Now part of Thermo Fisher Scientific, Ion Torrent offers four sequencing systems: the Ion PGM™, Ion Proton™, Ion S5™ and Ion S5 XL. Each system can produce a range of outputs per run, depending upon the consumable (“chip”) used. But in general, the PGM can produce up to 5 million reads, averaging 200 bases (2 Gb); the Proton can produce up to 80 million reads (10 Gb); and the S5 lies in the middle (from 5 million reads, totaling 0.6 Gb, to 80 million reads, totaling 15 Gb).

Oxford Nanopore Technologies

Oxford Nanopore’s sequencers are based on “nanopore sequencing.” Individual DNA molecules are fed through nanometer-sized holes (or pores) via the action of a molecular motor. As each base occludes the hole, it produces a characteristic disruption in the current flow across it, generating an electrical signal that corresponds to the sequence.

As with PacBio’s instruments, the technology can produce exceptionally long reads, though length is a function of sample preparation. In a 2015 study, the authors generated reads as long as 230,000 bases, though most averaged about 10 kb, with a median of 60,000 reads per run [4]. The technology also can be used to sequence RNA directly—including detecting modified bases—without a cDNA-synthesis step [10].

Oxford Nanopore has developed two systems, the USB key-sized MinION, with a single flow cell, and the higher-throughput, 48-cell PromethION (currently available only through an early-access program). In July of this year, the National Aeronautics and Space Administration (NASA) sent a MinION sequencer to the International Space Station, where it will be used to monitor the quality of drinking water and identify microbes. A newer, smartphone-coupled design called the SmidgION was announced earlier this year and is currently in development.

Pacific Biosciences

Pacific Biosciences’ Single Molecule Real Time (SMRT) sequencing strategy immobilizes individual DNA polymerases at the bottom of attoliter-scale wells, called zero-mode waveguides (ZMWs). Each polymerase copies a single DNA template molecule using a set of fluorescently tagged nucleotide building blocks, with each base labeled a different color. By illuminating only the bottom of the well, the system can read the sequence of the new DNA strand based on the pattern of fluorescent signals that it produces in real time. Certain epigenetic variants, such as methylated bases, can be directly detected during the process based on the kinetics of nucleotide incorporation, as opposed to requiring chemical treatment (e.g., with bisulfite).

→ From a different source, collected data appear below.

lemma Oplus_eventually:
  assumes D: "\<And>v. v \<in> Oplus S \<Longrightarrow> D \<in> v"
  shows "\<exists>d>0. S \<inter> {0<..<d} \<subseteq> D"
proof (rule ccontr)
  assume "\<not> ?thesis"
  then have "\<exists>a\<in>S - D. a < e" if "0 < e" for e
    using that pos_mem by fastforce
  then obtain v where "v \<in> Oplus S" "S - D \<in> v"
    using exists_Oplus_mem[of "S - D"] by blast
  moreover have "D \<in> v" using D \<open>v \<in> Oplus S\<close> by blast
  moreover have v: "ultrafilter_on S v" using \<open>v \<in> Oplus S\<close> by (simp add: mem_Oplus)
  ultimately have "D \<inter> (S - D) \<in> v" using ultrafilter_on_Int by blast
  then show False using ultrafilter_on_empty[OF v] by simp
qed

lemma bplus_Oplus:
  assumes p: "p \<in> Oplus S" and q: "q \<in> Oplus S"
  shows "bplus S p q \<in> Oplus S"
proof -
  have up: "ultrafilter_on S p" and uq: "ultrafilter_on S q"
    using p q by (auto simp: mem_Oplus)
  have "S \<inter> {0<..<e} \<in> bplus S p q" if "0 < e" for e
  proof -
    have half: "S \<inter> {0<..<e / 2} \<in> r" if "r \<in> Oplus S" for r
      using that \<open>0 < e\<close> by (simp add: mem_Oplus)
    have "ltrans S x (S \<inter> {0<..<e}) \<in> q" if x: "x \<in> S \<inter> {0<..<e / 2}" for x
    proof (rule ultrafilter_on_mono[OF uq half[OF q]])
      show "S \<inter> {0<..<e / 2} \<subseteq> ltrans S x (S \<inter> {0<..<e})"
        using x pos_mem add_mem by (auto simp: mem_ltrans)
    qed (rule ltrans_subset)
    then have "S \<inter> {0<..<e / 2} \<subseteq> ltrans_in S q (S \<inter> {0<..<e})"
      by (auto simp: ltrans_in_def)
    then have "ltrans_in S q (S \<inter> {0<..<e}) \<in> p"
      using ultrafilter_on_mono[OF up half[OF p] _ ltrans_in_subset] by blast
    then show ?thesis by (simp add: mem_bplus)
  qed
  then show ?thesis using ultrafilter_on_bplus[OF up uq] by (simp add: mem_Oplus)
qed

sublocale Oplus: closed_beta_subsemigroup S "Oplus S"
  using closedin_Oplus Oplus_nonempty bplus_Oplus by unfold_locales


section \<open>Piecewise syndeticity near zero\<close>

lemma translate_subset_iff:
  "G \<subseteq> S \<Longrightarrow> (\<lambda>g. g + x) ` (G \<inter> {0<..<d}) \<subseteq> C \<longleftrightarrow> (\<forall>g\<in>G. g < d \<longrightarrow> g + x \<in> C)"
  using pos_mem by (auto simp: image_subset_iff subset_iff)

lemma S_nonempty: "S \<noteq> {}"
  using dense[of 1 2] by auto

PacBio offers two sequencing systems, the PacBio RS II and the newly released PacBio Sequel, which is smaller, less expensive and higher-throughput than its predecessor. Reads on both systems average 10,000 bases, though some can be as long as 40 to 50 kb. The RS II generates some 55,000 reads, and the Sequel produces about six times more. Run times range from 30 minutes to six hours. Thus, where Illumina generates large numbers of short reads, PacBio generates lower numbers of very long reads. And, with “little to no GC bias,” according to chief scientific officer Jonas Korlach, the technology can be used to read traditionally problematic sequences, permitting such applications as microbial genome and epigenome sequencing, de novo genome assembly and full-length 16S metagenome sequencing.

“Synthetic” long-read sequencing

Long-read data, such as those produced by Oxford Nanopore and PacBio, offer several advantages. They are easier to assemble than short-read sequences and can reveal structural variations that might be missed by short reads. And, the data can be more easily “phased”—that is, assembled such that it is possible to distinguish the maternal and paternal chromosome.

Given these benefits, researchers also have developed strategies to extract long-read information from short-read data. According to a recent review, two such strategies currently are available (from Illumina and 10X Genomics), and both employ a similar principle: the isolation of relatively long DNA fragments, which are then barcoded such that it later is possible to work out which fragments were physically linked on the same strand of DNA [3]. Earlier this year, 10X Genomics unveiled the Chromium™ system based upon the company's GemCode™ technology, a comprehensive solution that uses very small amounts (as little as 1 ng starting material) to prepare sequencing libraries that are partitioned based on the unique barcodes incorporated via the methodology. In addition, the platform provides software  for detailed analysis and visualization of the products. The Chromium System and solutions offered by 10XGenomics is compatible with researchers’ existing sequencing systems and workflows, enabling scientists to identify single-nucleotide and structural variants and dynamic gene expression of individual cells.

Existing applications

NGS can be used for everything from de novo genome sequencing and epigenetics to transcriptomics and microbiology. 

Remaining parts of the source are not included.